Saturday, November 3, 2012

Sara's Library: This Dark Endeavor

This Dark Endeavor by Kenneth Oppel
Simon & Schuster 2011
ALA Teens' Top Ten Nominee 2012
Bram Stoker Award for Young Adult Novel Nominee 2012

I have been a fan of the macabre and gothic for as long as I can remember.  I think I first read Poe in third grade, which I followed up the next year with Hugo's Notre Dame de Paris.  Although Frankenstein was assigned reading during my senior year of high school, I had read it years earlier.  So when I began to see reviews for Kenneth Oppel's prequel, This Dark Endeavor, I knew I had to read it.

In this prequel, Victor Frankenstein has an identical twin brother, Konrad, who he believes to be his better at just about everything.  When Konrad becomes ill with an unknown (and perhaps incurable disease), Victor, his cousin Elizabeth, and their friend Henry decide to save him...through alchemy.  The trio discover a secret library of alchemical texts in the Frankenstein manor, but cannot decipher the archaic texts.  Learning of a disgraced alchemist, Dr. Polidori, living in the slums of Geneva, the group seek out his aid and soon embark on dangerous adventures for the ingredients required for the Elixir of Life.

Meanwhile, the family solicits the advice of an experimental doctor who determines that Konrad's disease is what we now know as leukemia.  While he is able to improve Konrad's condition, he cannot cure it, driving Victor to try yet harder to create the Elixir.

But is it truly brotherly love that drives Victor into this frenzy?  Or the desire to excel at something which his brother never can?  Darker yet, is Victor's secret desire to usurp his brother, especially in the heart of Elizabeth.

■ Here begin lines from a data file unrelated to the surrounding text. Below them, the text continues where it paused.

lemma patch_eq_tiles_near_cover:
  assumes \<omega>: "is_ptiling \<omega>" and M: "M \<subseteq> fst \<omega>" "finite M"
    and cover: "\<forall>p\<in>fst (snd \<omega>). cball p r \<subseteq> \<Union>(fst ` M)" and "r' < r"
  shows "patch \<omega> r' = tiles_near M (snd \<omega>) r'"
proof
  show "tiles_near M (snd \<omega>) r' \<subseteq> patch \<omega> r'"
    using M(1) by (auto simp: patch_eq_tiles_near tiles_near_def)
next
  have tiling: "is_tiling (fst \<omega>)"
    using \<omega> by (simp add: is_ptiling_def)
  show "patch \<omega> r' \<subseteq> tiles_near M (snd \<omega>) r'"
  proof
    fix s assume "s \<in> patch \<omega> r'"
    then obtain p q where s: "s \<in> fst \<omega>" "p \<in> fst (snd \<omega>)" "q \<in> fst s" "dist p q \<le> r'"
      unfolding patch_def by blast
    \<comment> \<open>a tile is the closure of its interior, so its interior reaches into the open ball\<close>
    have "q \<in> closure (interior (fst s))" "q \<in> ball p r"
      using is_tilingD(3)[OF tiling s(1)] s(3,4) \<open>r' < r\<close> by auto
    then have "ball p r \<inter> interior (fst s) \<noteq> {}"
      using open_Int_closure_eq_empty[of "ball p r" "interior (fst s)"] by blast
    moreover have "ball p r \<inter> interior (fst s) \<subseteq> \<Union>(fst ` M)"
      using cover s(2) ball_subset_cball by blast
    moreover have "\<forall>C\<in>fst ` M. closed C"
      using is_tilingD(2)[OF tiling] M(1) by blast
    moreover have "open (ball p r \<inter> interior (fst s))"
      by (simp add: open_Int)
    ultimately obtain m where m: "m \<in> M" "interior (fst m) \<inter> (ball p r \<inter> interior (fst s)) \<noteq> {}"
      using finite_closed_cover_meets_interior[of "fst ` M" "ball p r \<inter> interior (fst s)"] M(2)
      by blast
    then have "s = m"
      using is_tiling_interiors_disjoint[OF tiling, of m s] M(1) s(1) by blast
    then show "s \<in> tiles_near M (snd \<omega>) r'"
      using m(1) s by (auto simp: tiles_near_def)
  qed
qed

lemma cball_cover_tile_tr:
  assumes "\<forall>p\<in>fst x. cball p r \<subseteq> \<Union>(fst ` M)"
  shows "\<forall>p\<in>fst (tile_tr v x). cball p r \<subseteq> \<Union>(fst ` tile_tr v ` M)"
proof
  fix p' assume "p' \<in> fst (tile_tr v x)"
  then obtain p where p: "p \<in> fst x" "p' = v + p"
    unfolding fst_tile_tr by blast
  have "cball p' r = (\<lambda>q. v + q) ` cball p r"
    using p(2) cball_translation by blast
  also have "\<dots> \<subseteq> (\<lambda>q. v + q) ` \<Union>(fst ` M)"
    using assms p(1) by blast
  also have "\<dots> = \<Union>(fst ` tile_tr v ` M)"
    unfolding image_Union image_image fst_tile_tr ..
  finally show "cball p' r \<subseteq> \<Union>(fst ` tile_tr v ` M)" .
qed

lemma patch_eq_translated_cover:
  assumes "is_ptiling \<omega>" "finite M" "\<forall>p\<in>fst x. cball p r \<subseteq> \<Union>(fst ` M)" "r' < r"
    and "tile_tr a ` M \<subseteq> fst \<omega>" "snd \<omega> = tile_tr a x"
  shows "patch \<omega> r' = tile_tr a ` tiles_near M x r'"
proof -
  have "patch \<omega> r' = tiles_near (tile_tr a ` M) (snd \<omega>) r'"
    using cball_cover_tile_tr[OF assms(3), of a] assms(2,4,6)
    by (intro patch_eq_tiles_near_cover[OF assms(1,5)]) auto
  then show ?thesis
    by (simp add: assms(6) tiles_near_tile_tr)
qed

lemma agree_if_cover_occurs:
  assumes "is_ptiling \<omega>" "is_ptiling \<omega>'"
    and "finite M" "\<forall>p\<in>fst x. cball p r \<subseteq> \<Union>(fst ` M)" "r' < r"
    and "tile_tr a ` M \<subseteq> fst \<omega>" "snd \<omega> = tile_tr a x"
    and "tile_tr b ` M \<subseteq> fst \<omega>'" "snd \<omega>' = tile_tr b x"
  shows "agree \<omega> \<omega>' r'"
proof -
  have "tile_tr (b - a) ` patch \<omega> r' = patch \<omega>' r'"
    using patch_eq_translated_cover[OF assms(1,3-7)] patch_eq_translated_cover[OF assms(2,3-5,8,9)]
    by (simp add: image_image tile_tr_add)
  moreover have "tile_tr (b - a) (snd \<omega>) = snd \<omega>'"
    using assms(7,9) by (simp add: tile_tr_add)
  ultimately show ?thesis
    unfolding agree_def by blast
qed

lemma finite_subset_patch:
  assumes \<omega>: "is_ptiling \<omega>" and M: "finite M" "M \<subseteq> fst \<omega>"
  obtains r where "r \<ge> 0" "M \<subseteq> patch \<omega> r"
proof -
  have tiling: "is_tiling (fst \<omega>)" and "snd \<omega> \<in> fst \<omega>"
    using \<omega> by (simp_all add: is_ptiling_def)
  then obtain p where p: "p \<in> fst (snd \<omega>)"
    using is_tilingD(1) by blast
  define q where "q m = (SOME q. q \<in> fst m)" for m :: "('a, 'b) tile"
  have q: "q m \<in> fst m" if "m \<in> M" for m
  proof -
    have "fst m \<noteq> {}"
      using is_tilingD(1)[OF tiling] that M(2) by blast
    then show ?thesis
      by (simp add: q_def some_in_eq)
  qed
  define r where "r = (\<Sum>m\<in>M. dist p (q m))"
  have "M \<subseteq> patch \<omega> r"
  proof
    fix m assume m: "m \<in> M"
    have "dist p (q m) \<le> r"
      unfolding r_def by (rule member_le_sum[OF m _ M(1)]) simp
    then show "m \<in> patch \<omega> r"
      unfolding patch_def using m M(2) p q[OF m] by blast
  qed
  moreover have "r \<ge> 0"
    unfolding r_def by (simp add: sum_nonneg)
  ultimately show ?thesis
    using that by blast
qed

section \<open>The sets \<open>U\<^sub>u\<close>\<close>

lemma Uset_open:
  assumes u: "u \<in> MII T"
  shows "openin (hull_top T) (Uset T u)"
  unfolding openin_hull_top
proof (intro conjI ballI)
  show "Uset T u \<subseteq> Hull T"
    unfolding Uset_def by blast
next
  fix \<omega> assume "\<omega> \<in> Uset T u"
  then obtain M where M: "(M, snd \<omega>, snd \<omega>) \<in> u" "M \<subseteq> fst \<omega>" and "is_ptiling \<omega>"
    unfolding Uset_def Hull_def occurs_at_def by blast
  then obtain r where r: "r \<ge> 0" "M \<subseteq> patch \<omega> r"
    using finite_subset_patch MII_member_finite[OF u] by metis
  have "\<omega>' \<in> Uset T u" if \<omega>': "\<omega>' \<in> Hull T" "hdist \<omega> \<omega>' < exp (- r)" for \<omega>'
  proof -
    obtain v where v: "tile_tr v ` patch \<omega> r = patch \<omega>' r" "tile_tr v (snd \<omega>) = snd \<omega>'"
      using agree_if_hdist_less[OF \<omega>'(2) r(1)] unfolding agree_def by blast
    have "(tile_tr v ` M, snd \<omega>', snd \<omega>') \<in> u"
      using MII_translate[OF u M(1), of v] v(2) by simp
    moreover have "tile_tr v ` M \<subseteq> fst \<omega>'"
      using r(2) v(1) unfolding patch_def by blast
    ultimately show ?thesis
      using \<omega>'(1) unfolding Uset_def occurs_at_def by blast
  qed
  then show "\<exists>e>0. \<forall>\<omega>'\<in>Hull T. hdist \<omega> \<omega>' < e \<longrightarrow> \<omega>' \<in> Uset T u"
    by (meson exp_gt_zero)
qed

lemma Uset_subset_OmegaN:
  assumes "dp_unit T u" "u \<in> N"
  shows "Uset T u \<subseteq> OmegaN T N"
  using assms Rc_dp_unit unfolding OmegaN_def by fastforce

lemma rad_less_witness:
  assumes "u \<noteq> {}" "R < rad u"
  shows "\<exists>r>R. \<exists>(M, x, y)\<in>u. \<forall>p\<in>fst x. cball p r \<subseteq> \<Union>(fst ` M)"
proof -
  define X where "X = {r. \<exists>(M, x, y)\<in>u. \<forall>p\<in>fst x. cball p r \<subseteq> \<Union>(fst ` M)}"
  \<comment> \<open>negative radii give empty balls\<close>
  have "-1 \<in> X"
    using assms(1) unfolding X_def by auto
  have "\<exists>r\<in>X. R < r"
  proof (cases "bdd_above X")
    case True
    then show ?thesis
      using assms(2) less_cSup_iff[of X R] \<open>-1 \<in> X\<close> unfolding rad_def X_def[symmetric] by blast
  qed (meson bdd_above_def not_le)
  then show ?thesis
    unfolding X_def by blast
qed

lemma hdist_le_on_Uset:
  assumes u: "u \<in> MII T" and "R < rad u" "R \<ge> 0" and \<omega>: "\<omega> \<in> Uset T u" "\<omega>' \<in> Uset T u"
  shows "hdist \<omega> \<omega>' \<le> exp (- R)"
proof -
  obtain M1 M2 where M1: "(M1, snd \<omega>, snd \<omega>) \<in> u" "M1 \<subseteq> fst \<omega>" "is_ptiling \<omega>"
    and M2: "(M2, snd \<omega>', snd \<omega>') \<in> u" "M2 \<subseteq> fst \<omega>'" "is_ptiling \<omega>'"
    using \<omega> unfolding Uset_def Hull_def occurs_at_def by blast
  then obtain r M x y where r: "r > R" "(M, x, y) \<in> u" "\<forall>p\<in>fst x. cball p r \<subseteq> \<Union>(fst ` M)"
    using rad_less_witness[OF _ \<open>R < rad u\<close>] by blast
  obtain a b where "M1 = tile_tr a ` M" "snd \<omega> = tile_tr a x"
    "M2 = tile_tr b ` M" "snd \<omega>' = tile_tr b x"
    using MII_members_translates[OF u r(2)] M1(1) M2(1) by metis
  then have "agree \<omega> \<omega>' R"
    using agree_if_cover_occurs[OF M1(3) M2(3) MII_member_finite[OF u r(2)] r(3) r(1)] M1(2) M2(2)
    by blast
  then show ?thesis
    using hdist_le_if_agree \<open>R \<ge> 0\<close> by blast
qed
lemma hurwitz_stable_mult_diag_column:
  fixes A :: "real mat"
  assumes A: "A \<in> carrier_mat n n" and k: "k < n"
    and stable: "hurwitz_stable (mat_delete A k k)"
    and det: "(-1) ^ n * det A > 0"
  obtains \<epsilon> where "0 < \<epsilon>"
    "hurwitz_stable (A * mat_diag n (\<lambda>j. if j = k then \<epsilon> else 1))"
proof -
  define c where "c = poly (map_poly complex_of_real (char_poly (mat_delete A k k)))"
  define P where "P = poly (map_poly complex_of_real (char_poly A))"
  have A': "mat_delete A k k \<in> carrier_mat (n - 1) (n - 1)"
    using A by (rule mat_delete_carrier)
  have c_nz: "c z \<noteq> 0" if "Re z \<ge> 0" for z
    using stable that A' unfolding hurwitz_stable_def c_def
    by (auto simp: eigenvalue_root_char_poly[of _ "n - 1"] of_real_hom.char_poly_hom)
  have "P 0 = of_real ((-1) ^ n * det A)" "c 0 = of_real (poly (char_poly (mat_delete A k k)) 0)"
    using of_real_hom.poly_map_poly[of _ 0] by (simp_all add: P_def c_def poly_char_poly_0[OF A])
  then have pos: "Re (P 0 / c 0) > 0"
    using hurwitz_stable_char_poly_pos[OF stable A', of 0] det by simp
  have cont: "continuous_on UNIV c" "continuous_on UNIV P"
    unfolding c_def P_def by (intro continuous_intros)+
  define R where "R = (\<Sum>i<n. \<Sum>j<n. \<bar>A $$ (i,j)\<bar>)"
  obtain \<epsilon> where \<epsilon>: "0 < \<epsilon>" "\<epsilon> < 1" and no_root:
    "\<And>z. Re z \<ge> 0 \<Longrightarrow> norm z \<le> R \<Longrightarrow> (1 - of_real \<epsilon>) * z * c z + of_real \<epsilon> * P z \<noteq> 0"
    using convex_comb_nonzero_right_half_disc[OF cont c_nz pos] by blast
  define AD where "AD = map_mat complex_of_real (A * mat_diag n (\<lambda>j. if j = k then \<epsilon> else 1))"
  have AD: "AD \<in> carrier_mat n n"
    using A by (simp add: AD_def)
  have entry_le: "norm (AD $$ (i,j)) \<le> \<bar>A $$ (i,j)\<bar>" if "i < n" "j < n" for i j
    using A that \<epsilon> by (simp add: AD_def mat_diag_mult_right abs_mult mult_left_le del: of_real_mult)
  have "norm \<mu> \<le> R" if "eigenvalue AD \<mu>" for \<mu>
  proof -
    have "norm \<mu> \<le> (\<Sum>i<n. \<Sum>j<n. norm (AD $$ (i,j)))"
      by (rule eigenvalue_norm_le_sum_norm_entries[OF AD that])
    also have "\<dots> \<le> R"
      unfolding R_def by (intro sum_mono) (simp add: entry_le)
    finally show ?thesis .
  qed
  moreover have "(1 - of_real \<epsilon>) * \<mu> * c \<mu> + of_real \<epsilon> * P \<mu> = 0" if "eigenvalue AD \<mu>" for \<mu>
    using that eigenvalue_of_real_mult_diag_column_iff[OF A k] by (simp add: AD_def c_def P_def)
  ultimately have "hurwitz_stable (A * mat_diag n (\<lambda>j. if j = k then \<epsilon> else 1))"
    using A no_root unfolding hurwitz_stable_def AD_def by (force simp: mat_diag_def)
  with \<epsilon> show ?thesis by (intro that)
qed
text \<open>supp psi_f := supp omega_f, omega_f(g) = omega(conj f * g * f).\<close>
definition gns_vector_supp where
  "gns_vector_supp A Mr \<omega> F = functional_supp A (\<lambda>G. \<omega> (star Mr (star Mr (sconj F) G) F))"

end

theory Submission
  imports Defs
begin

(* If x lies outside supp f, then conj f * g = 0 for every g supported in the complement of
   supp f, because the operators M_r are local; hence omega_f vanishes near x.
   Conversely, let U be an open neighbourhood of a point of supp f and n the lowest order for
   which f_n does not vanish identically on U, say f_n(y) is nonzero for some y in U. For a bump
   function b supported in U with b(y) nonzero, locality kills every term of order n in b * f
   except b f_n, so b * f is nonzero and faithfulness gives omega(conj (b * f) * (b * f)) nonzero.
   But this is omega_f(conj b * b), and conj b * b is supported in U.
   Neither the Poisson bracket nor the positivity of omega plays a role. *)

section \<open>Finite-order smoothness on normed spaces\<close>

(* The derivatives of order at most k are required to be differentiable, not just continuous. *)
definition Ck_on :: "nat \<Rightarrow> 'a::real_normed_vector set \<Rightarrow> ('a \<Rightarrow> 'b::real_normed_vector) \<Rightarrow> bool" where
  "Ck_on k S f \<longleftrightarrow>
     (\<forall>vs. length vs \<le> k \<longrightarrow>
        (\<forall>x\<in>S. iter_dderiv vs f differentiable (at x)) \<and> continuous_on S (iter_dderiv vs f))"

lemma smooth_on_iff_Ck_on: "smooth_on S f \<longleftrightarrow> (\<forall>k. Ck_on k S f)"
  unfolding smooth_on_def Ck_on_def by auto

lemma iter_dderiv_append: "iter_dderiv (vs @ ws) f = iter_dderiv vs (iter_dderiv ws f)"
  by (induction vs) auto

lemma frechet_derivative_cong_open:
  assumes "open S" "x \<in> S" "\<And>y. y \<in> S \<Longrightarrow> f y = g y"
  shows "frechet_derivative f (at x) = frechet_derivative g (at x)"
proof -
  have "(f has_derivative D) (at x) \<longleftrightarrow> (g has_derivative D) (at x)" for D
    using has_derivative_transform_within_open assms by metis
  then show ?thesis unfolding frechet_derivative_def by simp
qed

lemma iter_dderiv_cong_open:
  assumes "open S" "\<And>y. y \<in> S \<Longrightarrow> f y = g y" "x \<in> S"
  shows "iter_dderiv vs f x = iter_dderiv vs g x"
  using assms(3)
proof (induction vs arbitrary: x)
  case Nil
  then show ?case using assms(2) by simp
next
  case (Cons v vs)
  then show ?case
    using frechet_derivative_cong_open[OF assms(1), of x "iter_dderiv vs f" "iter_dderiv vs g"] by simp
qed

lemma Ck_on_0: "Ck_on 0 S f \<longleftrightarrow> (\<forall>x\<in>S. f differentiable (at x))"
  unfolding Ck_on_def
  by (auto intro: continuous_at_imp_continuous_on differentiable_imp_continuous_within)

lemma Ck_on_mono: "Ck_on k S f \<Longrightarrow> j \<le> k \<Longrightarrow> Ck_on j S f"
  unfolding Ck_on_def by auto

One of my only qualms with this book is that it doesn't stylistically mirror its "descendant."  While that marvelous work was an epistolary novel, this one is not.  The prose attempts to affect the style of the period, though I did find Victor's sense of humour a tad out of place, feeling somewhat modern at times.  While the characters are not the most complex or original, often falling into tropes of young adult fiction (snarky protagonist, headstrong girl, etc.), the work substantially reworks Ms. Shelley's story, leading readers to piece together that Victor's later creation is not a mishmash at all, but his brother.  Given the love triangle developing between the brothers and Elizabeth, one can imagine there will be bad blood between the two before events lead to the Modern Prometheus.

Mr. Oppel has already written a second work in the prequel sequence, titled Such Wicked Intent and released at the end of August.  While I've not yet had a chance to read it, I certainly intend to, and if the title is any indication, we can expect it to grow considerably darker.